Moral utility is a somewhat, but not entirely, outdated concept in patent law—that an invention designed for an immoral purpose should not be patentable.

The man behind moral utility is widely believed to be Supreme Court Justice Joseph Story, who came up with the concept while riding circuit in Massachusetts in 1817. He said that utility could not be found in inventions that "poison people, or promote debauchery, or facilitate private assassination."

Moral utility was used to invalidate many gambling machine patents in the 19th and early 20th centuries. A number of other patents were invalidated simply because they could be used for gambling—inventions like coin return devices and horse racing games. However, by the 1970s, gambling machines were routinely receiving patents despite the moral utility arguments.
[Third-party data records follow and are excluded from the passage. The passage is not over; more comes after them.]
text \<open>Conditions on v^t are only imposed if iteration t is reached (no stop in iterations 1..t-1);
  conditions on alpha^t, u^t only if iteration t did not stop either.\<close>

definition acgm_trace :: "(real^'n) set \<Rightarrow> real^'n \<Rightarrow> real^'n \<Rightarrow> real \<Rightarrow> real \<Rightarrow> (nat \<Rightarrow> real)
    \<Rightarrow> (nat \<Rightarrow> real) \<Rightarrow> (nat \<Rightarrow> real^'n) \<Rightarrow> (nat \<Rightarrow> real^'n) \<Rightarrow> bool" where
  "acgm_trace X u g \<beta> \<eta> \<delta> \<alpha> us vs \<longleftrightarrow>
     us 0 = u \<and>
     (\<forall>t\<ge>1. (\<forall>j\<in>{1..<t}. \<not> acgm_stop g \<beta> u \<eta> \<delta> us vs j) \<longrightarrow>
        vs t \<in> X \<and> (\<forall>x\<in>X. acgm_grad g \<beta> u (us (t - 1)) \<bullet> (vs t - x) \<le> \<delta> t)) \<and>
     (\<forall>t\<ge>1. (\<forall>j\<in>{1..t}. \<not> acgm_stop g \<beta> u \<eta> \<delta> us vs j) \<longrightarrow>
        \<alpha> t \<in> {0..1} \<and> us t = (1 - \<alpha> t) *\<^sub>R us (t - 1) + \<alpha> t *\<^sub>R vs t)"

end

theory Submission
  imports Defs
begin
For many years, moral utility was also used to deny patents that were fraudulent in some way. One well-known early example was a patent for seamless stockings with fake seams: at the time (the 1920s), stockings with seams were widely viewed to be higher-quality than seamless stockings, so the fake seams were seen as an attempt to defraud consumers. This line of jurisprudence ended in 1999, when the Federal Circuit upheld a patent for the Juicy Whip machine. The Juicy Whip is a lemonade dispenser which circulates an inert yellow liquid inside a visible tank while dispensing actual lemonade from a hidden tank below the counter: the Federal Circuit said that deceptiveness should not affect the utility of an invention.

In the old days, patents were also denied to medicines that had questionable safety. Today, the Patent Office leaves such issues to the judgment of the FDA, and does not deny drug patents on the basis that the drug is unsafe.

An obvious problem with the doctrine is that the morality of an invention is in the eye of the beholder. And besides that, many inventions have unintended consequences. The television and the automobile have had many negative effects on American society, but at the time they were introduced, who would have foreseen such effects? These are arguments that keep moral utility out of most patent cases today.